**What you are asked to do:**
Which lines of the entries below include "card"? List them all.
——————————
(* Let $D$ be a strongly connected digraph with $m\ge 3$ arcs. Then $rc^*(D)=src^*(D)=m$ if and only if $D$ is the directed cycle $\overrightarrow{C_m}$ of length $m$.
   Context: Digraphs are finite without loops or multiple arcs. For a strongly connected digraph $D$ and an arc-colouring $\Gamma:A(D)\to\{1,\dots,k\}$, a directed path is rainbow if its arcs have pairwise distinct colours. $\Gamma$ is rainbow connected if for every ordered pair of distinct vertices $x,y$ there is a rainbow directed $xy$-path; $rc^*(D)$ is the minimum $k$ admitting such a colouring. $\Gamma$ is strongly rainbow connected if for every ordered pair of distinct vertices $x,y$ there is a rainbow directed $xy$-path of length $d_D(x,y)$; $src^*(D)$ is the minimum such $k$. *)

theory Defs
  imports Main
begin

text \<open>A digraph is given by a vertex set V and an arc set A of ordered pairs
  (finite, no loops; multiple arcs are impossible by construction).\<close>
definition digraph :: "'a set \<Rightarrow> ('a \<times> 'a) set \<Rightarrow> bool" where
  "digraph V A \<longleftrightarrow> finite V \<and> A \<subseteq> V \<times> V \<and> (\<forall>x. (x, x) \<notin> A)"

definition strongly_connected :: "'a set \<Rightarrow> ('a \<times> 'a) set \<Rightarrow> bool" where
  "strongly_connected V A \<longleftrightarrow> digraph V A \<and> V \<noteq> {} \<and>
     (\<forall>x\<in>V. \<forall>y\<in>V. (x, y) \<in> A\<^sup>*)"

definition path_arcs :: "'a list \<Rightarrow> ('a \<times> 'a) list" where
  "path_arcs p = zip p (tl p)"

definition dipath :: "('a \<times> 'a) set \<Rightarrow> 'a list \<Rightarrow> bool" where
  "dipath A p \<longleftrightarrow> p \<noteq> [] \<and> distinct p \<and> set (path_arcs p) \<subseteq> A"

definition path_from_to :: "('a \<times> 'a) set \<Rightarrow> 'a list \<Rightarrow> 'a \<Rightarrow> 'a \<Rightarrow> bool" where
  "path_from_to A p x y \<longleftrightarrow> dipath A p \<and> hd p = x \<and> last p = y"

definition path_len :: "'a list \<Rightarrow> nat" where
  "path_len p = length p - 1"

definition dist :: "('a \<times> 'a) set \<Rightarrow> 'a \<Rightarrow> 'a \<Rightarrow> nat" where
  "dist A x y = (LEAST n. \<exists>p. path_from_to A p x y \<and> path_len p = n)"

definition rainbow :: "('a \<times> 'a \<Rightarrow> nat) \<Rightarrow> 'a list \<Rightarrow> bool" where
  "rainbow \<Gamma> p \<longleftrightarrow> distinct (map \<Gamma> (path_arcs p))"

definition arc_colouring :: "('a \<times> 'a) set \<Rightarrow> nat \<Rightarrow> ('a \<times> 'a \<Rightarrow> nat) \<Rightarrow> bool" where
  "arc_colouring A k \<Gamma> \<longleftrightarrow> (\<forall>e\<in>A. \<Gamma> e \<in> {1..k})"

definition rainbow_connected :: "'a set \<Rightarrow> ('a \<times> 'a) set \<Rightarrow> ('a \<times> 'a \<Rightarrow> nat) \<Rightarrow> bool" where
  "rainbow_connected V A \<Gamma> \<longleftrightarrow>
     (\<forall>x\<in>V. \<forall>y\<in>V. x \<noteq> y \<longrightarrow> (\<exists>p. path_from_to A p x y \<and> rainbow \<Gamma> p))"

definition strongly_rainbow_connected :: "'a set \<Rightarrow> ('a \<times> 'a) set \<Rightarrow> ('a \<times> 'a \<Rightarrow> nat) \<Rightarrow> bool" where
  "strongly_rainbow_connected V A \<Gamma> \<longleftrightarrow>
     (\<forall>x\<in>V. \<forall>y\<in>V. x \<noteq> y \<longrightarrow>
        (\<exists>p. path_from_to A p x y \<and> path_len p = dist A x y \<and> rainbow \<Gamma> p))"

definition rc :: "'a set \<Rightarrow> ('a \<times> 'a) set \<Rightarrow> nat" where
  "rc V A = (LEAST k. \<exists>\<Gamma>. arc_colouring A k \<Gamma> \<and> rainbow_connected V A \<Gamma>)"

definition src :: "'a set \<Rightarrow> ('a \<times> 'a) set \<Rightarrow> nat" where
  "src V A = (LEAST k. \<exists>\<Gamma>. arc_colouring A k \<Gamma> \<and> strongly_rainbow_connected V A \<Gamma>)"

definition is_directed_cycle :: "'a set \<Rightarrow> ('a \<times> 'a) set \<Rightarrow> nat \<Rightarrow> bool" where
  "is_directed_cycle V A m \<longleftrightarrow>
     (\<exists>f. bij_betw f {..<m} V \<and> A = {(f i, f (Suc i mod m)) | i. i < m})"

end

theory Submission
  imports Defs "HOL-Combinatorics.Orbits"
begin

text \<open>
  Colour the arcs so that arcs with different tails get different colours. A directed path leaves
  each of its vertices at most once, so under such a colouring every path, in particular every
  shortest path, is rainbow. Injective colourings are of this kind, hence \<open>rc\<close> and \<open>src\<close> are
  at most \<open>m\<close>; if some vertex has two out-arcs, giving both the same colour shows \<open>rc \<le> m - 1\<close>.
  So \<open>rc = m\<close> forces every vertex to have a unique successor \<open>s\<close>, and strong connectivity makes
  \<open>V\<close> a single orbit of \<open>s\<close>: the digraph is the directed cycle. Conversely, on the directed cycle
  the only path from the head of an arc \<open>e\<close> back to its tail uses every arc except \<open>e\<close>, so a
  rainbow connected colouring is injective on \<open>A - {e}\<close>; as \<open>m \<ge> 3\<close>, any two arcs miss some
  third arc \<open>e\<close>, so the colouring is injective and uses \<open>m\<close> colours.
\<close>

lemma path_arcs_Cons: "p \<noteq> [] \<Longrightarrow> path_arcs (x # p) = (x, hd p) # path_arcs p"
  by (cases p) (auto simp: path_arcs_def)

lemma path_arcs_drop: "path_arcs (drop i p) = drop i (path_arcs p)"
  by (simp add: path_arcs_def drop_zip tl_drop)

lemma map_fst_path_arcs: "map fst (path_arcs p) = butlast p"
  by (simp add: path_arcs_def map_fst_zip_take butlast_conv_take)

lemma map_snd_path_arcs: "map snd (path_arcs p) = tl p"
  by (simp add: path_arcs_def map_snd_zip_take)

lemma rtrancl_imp_dipath:
  assumes "(x, y) \<in> A\<^sup>*"
  shows "\<exists>p. path_from_to A p x y"
  using assms
proof (induction rule: converse_rtrancl_induct)
  case base
  show ?case by (rule exI[of _ "[y]"]) (simp add: path_from_to_def dipath_def path_arcs_def)
next
  case (step x z)
  then obtain p where p: "dipath A p" "hd p = z" "last p = y"
    by (auto simp: path_from_to_def)
  show ?case
  proof (cases "x \<in> set p")
    case True
    \<comment> \<open>start at the occurrence of \<open>x\<close> on \<open>p\<close>, so that the path stays simple\<close>
    then obtain i where i: "i < length p" "p ! i = x" by (auto simp: in_set_conv_nth)
    have "set (path_arcs (drop i p)) \<subseteq> set (path_arcs p)"
      by (simp add: path_arcs_drop set_drop_subset)
    then have "dipath A (drop i p)"
      using p(1) i(1) by (auto simp: dipath_def)
    then have "path_from_to A (drop i p) x y"
      using i p(3) by (simp add: path_from_to_def hd_drop_conv_nth)
    then show ?thesis ..
  next
    case False
    have "dipath A (x # p)"
      using p step(1) False by (auto simp: dipath_def path_arcs_Cons)
    then have "path_from_to A (x # p) x y"
      using p by (auto simp: path_from_to_def dipath_def)
    then show ?thesis ..
  qed
qed

lemma shortest_path_exists:
  assumes "(x, y) \<in> A\<^sup>*"
  shows "\<exists>p. path_from_to A p x y \<and> path_len p = dist A x y"
proof -
  from rtrancl_imp_dipath[OF assms] have "\<exists>n p. path_from_to A p x y \<and> path_len p = n"
    by blast
  then show ?thesis
    unfolding dist_def by (rule LeastI_ex[of "\<lambda>n. \<exists>p. path_from_to A p x y \<and> path_len p = n"])
qed

lemma strongly_connected_arcs:
  assumes "strongly_connected V A"
  shows "A \<subseteq> V \<times> V" and "(x, x) \<notin> A"
  using assms by (simp_all add: strongly_connected_def digraph_def)

lemma strongly_connected_reach:
  "strongly_connected V A \<Longrightarrow> x \<in> V \<Longrightarrow> y \<in> V \<Longrightarrow> (x, y) \<in> A\<^sup>*"
  unfolding strongly_connected_def by blast

lemma strongly_rainbow_connected_imp_rainbow_connected:
  "strongly_rainbow_connected V A \<Gamma> \<Longrightarrow> rainbow_connected V A \<Gamma>"
  unfolding strongly_rainbow_connected_def rainbow_connected_def by blast

definition tail_separating :: "('a \<times> 'a) set \<Rightarrow> ('a \<times> 'a \<Rightarrow> nat) \<Rightarrow> bool" where
  "tail_separating A \<Gamma> \<longleftrightarrow> (\<forall>e\<in>A. \<forall>e'\<in>A. fst e \<noteq> fst e' \<longrightarrow> \<Gamma> e \<noteq> \<Gamma> e')"

lemma dipath_rainbow_if_tail_separating:
  assumes "tail_separating A \<Gamma>" and "dipath A p"
  shows "rainbow \<Gamma> p"
proof -
  let ?l = "path_arcs p"
  have "distinct (map fst ?l)"
    using assms(2) by (simp add: map_fst_path_arcs dipath_def distinct_butlast)
  then have "distinct ?l" and fst_inj: "inj_on fst (set ?l)"
    by (simp_all add: distinct_map)
  have "inj_on \<Gamma> (set ?l)"
  proof (rule inj_onI)
    fix e e' assume "e \<in> set ?l" "e' \<in> set ?l" "\<Gamma> e = \<Gamma> e'"
    moreover have "set ?l \<subseteq> A"
      using assms(2) by (simp add: dipath_def)
    ultimately have "fst e = fst e'"
      using assms(1) unfolding tail_separating_def by blast
    then show "e = e'"
      using fst_inj \<open>e \<in> set ?l\<close> \<open>e' \<in> set ?l\<close> by (simp add: inj_on_eq_iff)
  qed
  with \<open>distinct ?l\<close> show ?thesis by (simp add: rainbow_def distinct_map)
qed

lemma strongly_rainbow_connected_if_tail_separating:
  assumes "strongly_connected V A" and "tail_separating A \<Gamma>"
  shows "strongly_rainbow_connected V A \<Gamma>"
  unfolding strongly_rainbow_connected_def
proof (intro ballI impI)
  fix x y assume "x \<in> V" "y \<in> V"
  with assms(1) have "(x, y) \<in> A\<^sup>*"
    by (rule strongly_connected_reach)
  from shortest_path_exists[OF this]
  obtain p where p: "path_from_to A p x y" "path_len p = dist A x y"
    by blast
  moreover have "rainbow \<Gamma> p"
    using p(1) dipath_rainbow_if_tail_separating[OF assms(2)] by (simp add: path_from_to_def)
  ultimately show "\<exists>p. path_from_to A p x y \<and> path_len p = dist A x y \<and> rainbow \<Gamma> p"
    by blast
qed

lemma inj_arc_colouring_exists:
  assumes "finite A"
  shows "\<exists>\<Gamma>. arc_colouring A (card A) \<Gamma> \<and> inj_on \<Gamma> A"
proof -
  obtain h where h: "bij_betw h A {0..<card A}"
    using ex_bij_betw_finite_nat[OF assms] by blast
  have "arc_colouring A (card A) (Suc \<circ> h)"
    using bij_betwE[OF h] by (auto simp: arc_colouring_def Suc_le_eq)
  moreover have "inj_on (Suc \<circ> h) A"
    using bij_betw_imp_inj_on[OF h] by (simp add: inj_on_def)
  ultimately show ?thesis by blast
qed

lemma tail_separating_colouring_with_repeated_out_colour:
  assumes "finite A" and "(v, a) \<in> A" and "(v, b) \<in> A" and "a \<noteq> b"
  shows "\<exists>\<Gamma>. arc_colouring A (card A - 1) \<Gamma> \<and> tail_separating A \<Gamma>"
proof -
  let ?B = "A - {(v, b)}"
  obtain h where h: "arc_colouring ?B (card ?B) h" "inj_on h ?B"
    using inj_arc_colouring_exists[of ?B] assms(1) by blast
  define g where "g e = (if e = (v, b) then (v, a) else e)" for e
  have gB: "g ` A \<subseteq> ?B" and fst_g: "fst (g e) = fst e" for e
    using assms(2,4) by (auto simp: g_def)
  have "arc_colouring A (card A - 1) (h \<circ> g)"
    using h(1) gB assms(1,3) by (auto simp: arc_colouring_def)
  moreover have "tail_separating A (h \<circ> g)"
    unfolding tail_separating_def
  proof (intro ballI impI)
    fix e e' assume "e \<in> A" "e' \<in> A" "fst e \<noteq> fst e'"
    then have "g e \<noteq> g e'"
      by (metis fst_g)
    moreover have "g e \<in> ?B" "g e' \<in> ?B"
      using gB \<open>e \<in> A\<close> \<open>e' \<in> A\<close> by blast+
    ultimately show "(h \<circ> g) e \<noteq> (h \<circ> g) e'"
      using h(2) by (auto dest: inj_onD)
  qed
  ultimately show ?thesis by blast
qed

lemma rc_le:
  assumes "arc_colouring A k \<Gamma>" and "rainbow_connected V A \<Gamma>"
  shows "rc V A \<le> k"
  unfolding rc_def using assms by (intro Least_le) blast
——————————
**Result for this exercise:**
  shows "\<exists>\<Gamma>. arc_colouring A (card A) \<Gamma> \<and> inj_on \<Gamma> A"
  obtain h where h: "bij_betw h A {0..<card A}"
  have "arc_colouring A (card A) (Suc \<circ> h)"
  shows "\<exists>\<Gamma>. arc_colouring A (card A - 1) \<Gamma> \<and> tail_separating A \<Gamma>"
  obtain h where h: "arc_colouring ?B (card ?B) h" "inj_on h ?B"
  have "arc_colouring A (card A - 1) (h \<circ> g)"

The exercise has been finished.